Già da molti anni i rifugi non sono più un punto di partenza. Nascevano infatti come base degli alpinisti per partire verso la vetta. Ora sono più spesso una meta e le esigenze di chi li frequenta sono aumentate. La vera sfida è trovare un equilibrio, in modo da soddisfare le richieste di chi arriva dalla città senza snaturarsi, perché il rifugio non è la città in alta quota. Bisogna staccare senza essere passatisti e senza aver paura di osare. Al Garelli il progetto di ristrutturazione fu salutato con perplessità, ma alla fine i finestroni spettacolari hanno la funzione di aumentare il riscaldamento all'interno. Ben venga l'innovazione se è funzionale. È un momento molto vivo in cui conciliare tradizione e innovazione.

Sei arrivato alla quarta stagione del Rifugio. Quali sviluppi prevedi?
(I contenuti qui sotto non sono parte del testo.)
(* Under the hypotheses of Theorem 5 (Part II) stated in the context, let $H$ denote the cdf of the limit $Z_\infty$, where either $c=0$ and $E e^{-\lambda Z_\infty}=\Phi_\rho(\lambda)$, or $c=\infty$ (with $(\mathrm{A}_\alpha)$) and $E e^{-\lambda Z_\infty}=\Phi_\alpha(\lambda)$. Then $H$ belongs to the normal domain of attraction of a stable law with parameter $\rho\in(1/2,1)$; namely, there is a constant $C\in(0,\infty)$ with $1-H(x)\sim C x^{-\rho}$ as $x\to\infty$.
   Context: Standing parameters: $b>0$ (half the offspring variance), $\theta<1/2$, $\rho\in(1/2,1)$ with $\theta+\rho<1$, and $\alpha\in(1/2,1]$. For $a\in(0,1]$ and $\lambda\ge0$, $$\Phi_a(\lambda)=1-\lambda^{\rho-a}(\lambda+1)^{a-\theta-\rho}(a+1-\theta-\rho)B(1-\theta,a+1-\rho)\,I_{\lambda/(\lambda+1)}(a,1-\theta-\rho)-\frac{\lambda\theta}{B(1-\rho,a)}\int_0^1\!\!\int_0^1\frac{u^{1-\rho}(1-u)^{a-1}}{(1-y)^{\rho}(1+\lambda yu)^{\theta+1}}\,dy\,du,$$ where $B$ is the Beta function, $B_x(s,v)=\int_0^x t^{s-1}(1-t)^{v-1}dt$ and $I_x(s,v)=B_x(s,v)/B(s,v)$. Theorem 5 (Part II) asserts that for the critical branching regenerative process with migration $Z_t$ (offspring mean 1, variance $2b$; recurrence parameter $\theta$; cycle initial states with tail $P\{Y^o_{j,0}>x\}\sim x^{-\rho}\ell(x)$; down-periods either of finite mean or with tail $1-A(t)\sim t^{-\alpha}L_A(t)$, $E T_{d,1}=\infty$; $c=\lim(1-A(t))/(1-F(t))$ with $F$ the cdf of the cycle lifetime), the limit $Z_\infty$ of $Z_t/(bt)$ (unconditionally if $c<\infty$, conditionally on $Z_t>0$ if $c=\infty$) has Laplace transform $(c+\Phi_\rho)/(c+1)$ if $c<\infty$ and $\Phi_\alpha$ if $c=\infty$. A random variable is in the normal domain of attraction of a positive stable law with parameter $\rho\in(0,1)$ when its tail is asymptotically $Cx^{-\rho}$, $C>0$. *)

theory Defs
  imports "HOL-Probability.Probability" "HOL-Library.Landau_Symbols"
begin

definition incBeta :: "real \<Rightarrow> real \<Rightarrow> real \<Rightarrow> real" where
  "incBeta x s v = (LBINT t=0..x. t powr (s - 1) * (1 - t) powr (v - 1))"

definition regIncBeta :: "real \<Rightarrow> real \<Rightarrow> real \<Rightarrow> real" where
  "regIncBeta x s v = incBeta x s v / Beta s v"

definition Phi :: "real \<Rightarrow> real \<Rightarrow> real \<Rightarrow> real \<Rightarrow> real" where
  "Phi \<theta> \<rho> a lam =
     1 - lam powr (\<rho> - a) * (lam + 1) powr (a - \<theta> - \<rho>)
         * (a + 1 - \<theta> - \<rho>) * Beta (1 - \<theta>) (a + 1 - \<rho>)
         * regIncBeta (lam / (lam + 1)) a (1 - \<theta> - \<rho>)
       - lam * \<theta> / Beta (1 - \<rho>) a *
         (LBINT u=0..1. (LBINT y=0..1.
            u powr (1 - \<rho>) * (1 - u) powr (a - 1)
            / ((1 - y) powr \<rho> * (1 + lam * y * u) powr (\<theta> + 1))))"

end

theory Submission
  imports Defs
begin
(* Let $\mathcal{W}$ and $\mathcal{V}$ be compact and let the stage cost be $l(x,w;(u,y))=|w|_Q^2+|y-h(x,u)|_R^2$ with $Q,R\succ0$. Then there exists $A>0$ such that $J_{[t_1,t_2]}(z^\infty_{t_1:t_2})\leq A(t_2-t_1)$ for all integers $t_1\le t_2$ and every possible data sequence $d_{-\infty:\infty}$.
   Context: System: $x_{t+1}=f(x_t,u_t,w_t)$, $y_t=h(x_t,u_t)+v_t$ with $x_t\in\mathbb{R}^n,u_t\in\mathbb{R}^m,w_t\in\mathbb{R}^q,v_t\in\mathbb{R}^p$, $f,h$ continuous; known sets $\mathcal{X},\mathcal{U},\mathcal{W}\ni0,\mathcal{V}$ with $f(\mathcal{X}\times\mathcal{U}\times\mathcal{W})\subseteq\mathcal{X}$. Data $d_t=(u_t,y_t)$; a possible data sequence $(d_t)_{t\in\mathbb{Z}}$ is one generated by the system for all $t\in\mathbb{Z}$ by a trajectory with $(x_t,u_t,w_t,v_t)\in\mathcal{X}\times\mathcal{U}\times\mathcal{W}\times\mathcal{V}$. The infinite-horizon problem $P_\infty(d_{-\infty:\infty})$ minimizes $\sum_{j\in\mathbb{Z}}l(\hat x_j,\hat w_j;d_j)$ over bi-infinite sequences subject to $\hat x_{j+1}=f(\hat x_j,u_j,\hat w_j)$, $\hat x_j\in\mathcal{X}$, $\hat w_j\in\mathcal{W}$, $y_j-h(\hat x_j,u_j)\in\mathcal{V}$ for all $j\in\mathbb{Z}$; its solution is assumed to exist uniquely and is denoted $z^\infty_j=(x^\infty_j,w^\infty_j)$. Performance criterion: $J_{[t_1,t_2]}(\hat z_{t_1:t_2})=\sum_{j=t_1}^{t_2-1}l(\hat z_j;d_j)$. *)

theory Defs
  imports "HOL-Analysis.Analysis"
begin

definition pos_def_mat :: "real^'k^'k \<Rightarrow> bool" where
  "pos_def_mat Q \<longleftrightarrow> transpose Q = Q \<and> (\<forall>v. v \<noteq> 0 \<longrightarrow> v \<bullet> (Q *v v) > 0)"

definition stage_cost ::
  "real^'q^'q \<Rightarrow> real^'p^'p \<Rightarrow> (real^'n \<Rightarrow> real^'m \<Rightarrow> real^'p)
   \<Rightarrow> real^'n \<Rightarrow> real^'q \<Rightarrow> (real^'m) \<times> (real^'p) \<Rightarrow> real" where
  "stage_cost Q R h x w d =
     (let u = fst d; y = snd d; e = y - h x u in w \<bullet> (Q *v w) + e \<bullet> (R *v e))"

definition possible_data ::
  "(real^'n \<Rightarrow> real^'m \<Rightarrow> real^'q \<Rightarrow> real^'n) \<Rightarrow> (real^'n \<Rightarrow> real^'m \<Rightarrow> real^'p)
   \<Rightarrow> (real^'n) set \<Rightarrow> (real^'m) set \<Rightarrow> (real^'q) set \<Rightarrow> (real^'p) set
   \<Rightarrow> (int \<Rightarrow> (real^'m) \<times> (real^'p)) \<Rightarrow> bool" where
  "possible_data f h X U W V d \<longleftrightarrow>
     (\<exists>x w v. \<forall>t. x t \<in> X \<and> fst (d t) \<in> U \<and> w t \<in> W \<and> v t \<in> V \<and>
        x (t + 1) = f (x t) (fst (d t)) (w t) \<and>
        snd (d t) = h (x t) (fst (d t)) + v t)"

definition Pinf_feasible ::
  "(real^'n \<Rightarrow> real^'m \<Rightarrow> real^'q \<Rightarrow> real^'n) \<Rightarrow> (real^'n \<Rightarrow> real^'m \<Rightarrow> real^'p)
   \<Rightarrow> (real^'n) set \<Rightarrow> (real^'q) set \<Rightarrow> (real^'p) set
   \<Rightarrow> (int \<Rightarrow> (real^'m) \<times> (real^'p)) \<Rightarrow> (int \<Rightarrow> real^'n) \<Rightarrow> (int \<Rightarrow> real^'q) \<Rightarrow> bool" where
  "Pinf_feasible f h X W V d xh wh \<longleftrightarrow>
     (\<forall>j. xh (j + 1) = f (xh j) (fst (d j)) (wh j) \<and> xh j \<in> X \<and> wh j \<in> W \<and>
          snd (d j) - h (xh j) (fst (d j)) \<in> V)"

definition Pinf_cost ::
  "(real^'n \<Rightarrow> real^'q \<Rightarrow> (real^'m) \<times> (real^'p) \<Rightarrow> real) \<Rightarrow> (int \<Rightarrow> (real^'m) \<times> (real^'p))
   \<Rightarrow> (int \<Rightarrow> real^'n) \<Rightarrow> (int \<Rightarrow> real^'q) \<Rightarrow> ennreal" where
  "Pinf_cost l d xh wh = (\<integral>\<^sup>+ j. ennreal (l (xh j) (wh j) (d j)) \<partial>count_space UNIV)"

definition Pinf_solution ::
  "(real^'n \<Rightarrow> real^'m \<Rightarrow> real^'q \<Rightarrow> real^'n) \<Rightarrow> (real^'n \<Rightarrow> real^'m \<Rightarrow> real^'p)
   \<Rightarrow> (real^'n) set \<Rightarrow> (real^'q) set \<Rightarrow> (real^'p) set
   \<Rightarrow> (real^'n \<Rightarrow> real^'q \<Rightarrow> (real^'m) \<times> (real^'p) \<Rightarrow> real)
   \<Rightarrow> (int \<Rightarrow> (real^'m) \<times> (real^'p)) \<Rightarrow> (int \<Rightarrow> real^'n) \<Rightarrow> (int \<Rightarrow> real^'q) \<Rightarrow> bool" where
  "Pinf_solution f h X W V l d xs ws \<longleftrightarrow>
     Pinf_feasible f h X W V d xs ws \<and>
     (\<forall>xh wh. Pinf_feasible f h X W V d xh wh \<longrightarrow>
        Pinf_cost l d xs ws \<le> Pinf_cost l d xh wh) \<and>
     (\<forall>xh wh. Pinf_feasible f h X W V d xh wh \<and>
        Pinf_cost l d xh wh = Pinf_cost l d xs ws \<longrightarrow> xh = xs \<and> wh = ws)"

definition perf_J ::
  "(real^'n \<Rightarrow> real^'q \<Rightarrow> (real^'m) \<times> (real^'p) \<Rightarrow> real) \<Rightarrow> (int \<Rightarrow> (real^'m) \<times> (real^'p))
   \<Rightarrow> int \<Rightarrow> int \<Rightarrow> (int \<Rightarrow> real^'n) \<Rightarrow> (int \<Rightarrow> real^'q) \<Rightarrow> real" where
  "perf_J l d t1 t2 xh wh = (\<Sum>j\<in>{t1..<t2}. l (xh j) (wh j) (d j))"

end

theory Submission
  imports Defs
begin

text \<open>Feasibility for \<open>P\<^sub>\<infinity>\<close> alone forces \<open>w\<^sub>j \<in> W\<close> and \<open>y\<^sub>j - h(x\<^sub>j, u\<^sub>j) \<in> V\<close>, so on every
  feasible trajectory, in particular on \<open>z\<^sup>\<infinity>\<close>, each stage cost is at most the maximum of
  \<open>|w|\<^sub>Q\<^sup>2\<close> over the compact \<open>W\<close> plus that of \<open>|v|\<^sub>R\<^sup>2\<close> over the compact \<open>V\<close>. Summing over
  \<open>t\<^sub>2 - t\<^sub>1\<close> stages gives the linear bound.\<close>

lemma quadratic_form_bdd_above_compact:
  fixes S :: "(real^'k) set" and M :: "real^'k^'k"
  assumes "compact S"
  shows "bdd_above ((\<lambda>v. v \<bullet> (M *v v)) ` S)"
proof -
  have "continuous_on S (\<lambda>v. v \<bullet> (M *v v))"
    by (intro continuous_intros)
  with assms show ?thesis
    by (intro bounded_imp_bdd_above compact_imp_bounded compact_continuous_image)
qed

lemma stage_cost_uniformly_bounded:
  fixes W :: "(real^'q) set" and V :: "(real^'p) set"
    and Q :: "real^'q^'q" and R :: "real^'p^'p"
    and h :: "real^'n \<Rightarrow> real^'m \<Rightarrow> real^'p"
  assumes "compact W" and "compact V"
  shows "\<exists>A>0. \<forall>x w d. w \<in> W \<longrightarrow> snd d - h x (fst d) \<in> V \<longrightarrow> stage_cost Q R h x w d \<le> A"
proof -
  obtain BW where BW: "\<And>w. w \<in> W \<Longrightarrow> w \<bullet> (Q *v w) \<le> BW"
    using quadratic_form_bdd_above_compact[OF \<open>compact W\<close>, of Q] by (auto simp: bdd_above_def)
  obtain BV where BV: "\<And>v. v \<in> V \<Longrightarrow> v \<bullet> (R *v v) \<le> BV"
    using quadratic_form_bdd_above_compact[OF \<open>compact V\<close>, of R] by (auto simp: bdd_above_def)
  show ?thesis
  proof (intro exI[of _ "1 + \<bar>BW\<bar> + \<bar>BV\<bar>"] conjI allI impI)
    fix x w d
    assume "w \<in> W" and "snd d - h x (fst d) \<in> V"
    with BW BV show "stage_cost Q R h x w d \<le> 1 + \<bar>BW\<bar> + \<bar>BV\<bar>"
      unfolding stage_cost_def Let_def by fastforce
  qed simp
qed

lemma perf_J_le_linear:
  assumes "\<And>j. l (xh j) (wh j) (d j) \<le> A" and "t1 \<le> t2"
  shows "perf_J l d t1 t2 xh wh \<le> A * real_of_int (t2 - t1)"
proof -
  have "perf_J l d t1 t2 xh wh \<le> (\<Sum>j\<in>{t1..<t2}. A)"
    unfolding perf_J_def by (intro sum_mono assms(1))
  also have "\<dots> = A * real_of_int (t2 - t1)"
    using \<open>t1 \<le> t2\<close> by simp
  finally show ?thesis .
qed

theorem lemma1:
  fixes f :: "real^'n \<Rightarrow> real^'m \<Rightarrow> real^'q \<Rightarrow> real^'n"
    and h :: "real^'n \<Rightarrow> real^'m \<Rightarrow> real^'p"
    and X :: "(real^'n) set" and U :: "(real^'m) set"
    and W :: "(real^'q) set" and V :: "(real^'p) set"
    and Q :: "real^'q^'q" and R :: "real^'p^'p"
  assumes f_cont: "continuous_on UNIV (\<lambda>(x, u, w). f x u w)"
    and h_cont: "continuous_on UNIV (\<lambda>(x, u). h x u)"
    and W0: "0 \<in> W"
    and f_inv: "\<forall>x\<in>X. \<forall>u\<in>U. \<forall>w\<in>W. f x u w \<in> X"
    and W_cpt: "compact W" and V_cpt: "compact V"
    and Q_pd: "pos_def_mat Q" and R_pd: "pos_def_mat R"
  shows "\<exists>A>0. \<forall>d xs ws. possible_data f h X U W V d \<longrightarrow>
           Pinf_solution f h X W V (stage_cost Q R h) d xs ws \<longrightarrow>
           (\<forall>t1 t2. t1 \<le> t2 \<longrightarrow>
              perf_J (stage_cost Q R h) d t1 t2 xs ws \<le> A * real_of_int (t2 - t1))"
proof -
  obtain A where "A > 0" and A_bound:
    "\<And>x w d. w \<in> W \<Longrightarrow> snd d - h x (fst d) \<in> V \<Longrightarrow> stage_cost Q R h x w d \<le> A"
    using stage_cost_uniformly_bounded[OF W_cpt V_cpt, where Q = Q and R = R and h = h] by blast
  show ?thesis
  proof (intro exI[of _ A] conjI allI impI \<open>A > 0\<close>)
    fix d xs ws and t1 t2 :: int
    assume "Pinf_solution f h X W V (stage_cost Q R h) d xs ws" and "t1 \<le> t2"
    then have "Pinf_feasible f h X W V d xs ws"
      unfolding Pinf_solution_def by blast
    then have "stage_cost Q R h (xs j) (ws j) (d j) \<le> A" for j
      unfolding Pinf_feasible_def by (blast intro: A_bound)
    then show "perf_J (stage_cost Q R h) d t1 t2 xs ws \<le> A * real_of_int (t2 - t1)"
      using \<open>t1 \<le> t2\<close> by (rule perf_J_le_linear)
  qed
qed

end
Proseguire sull'onda di questa sempre più appassionata indagine umana. È un racconto di persone che vivono la montagna. Mi piacerebbe coinvolgere anche i content creators, youtubers e persone che raccontano la montagna attraverso i social. Ci sono moltissimi canali youtube e instagram sul tema e ho intervistato diversi nomadi digitali e alcuni giovani che si definiscono "montanari digitali". Ora che lo smart-working è stato sdoganato, i rifugi anche in questo caso si sono fatti interpreti di questa avanguardia, creando delle postazioni di lavoro ad hoc. Poi vorrei indagare anche i nuovi linguaggi e uscire dallo stereotipo. Approfondire anche l'aspetto delle risorse elettriche, su come rendere viva la macchina rifugio che si autogestisce, studiando gli aspetti tecnologici con attenzione alle nuove possibilità. Molti rifugi sono anche un punto di primo soccorso. È un aspetto fra i principali. I mezzi di elisoccorso sono diventati eliambulanze a tutti gli effetti. Ogni attività comporta dei rischi, bisogna uscire dal luogo comune della "montagna assassina". In realtà sono i comportamenti sbagliati, quelli sì, da stigmatizzare.

 

Chi è Ernesto Goio

Nato a Trento, fin da bambino girava col microfono per casa, segno di una passione radicata e innata. Dopo la gavetta nelle radio private trentine, nei primi anni 2000 si trasferisce a Roma con un buon bagaglio di esperienza fra radio e teatro, cercando di unire questi due linguaggi. Si è formato a Bologna frequentando prima il liceo classico e poi la facoltà di Lettere. Fra i suoi programmi per Rai Radio 3 è da segnalare Ad alta voce - letture dalla raccolta "Principianti" di Raymond Carver. Per Rai Radio 2: Mai sognato?, Il cammello di Radio 2, Vuoti di memoria, Balconi d'Italia! Besame Mucho, Aria condizionata, Dirty Boogie - il grande romanzo del rock, Numero Verde, 610 con Lillo e Greg, Tra il dire e il mare. Quest'ultimo programma, con i tratti della fiction, raccontava le vicende del guardiano in un immaginario faro nel Mediterraneo. Erano interviste sul mondo della radio e monologhi di satira di costume, sullo sfondo del racconto di una vicenda d'amore. Dai fari ai rifugi, il passo è stato breve.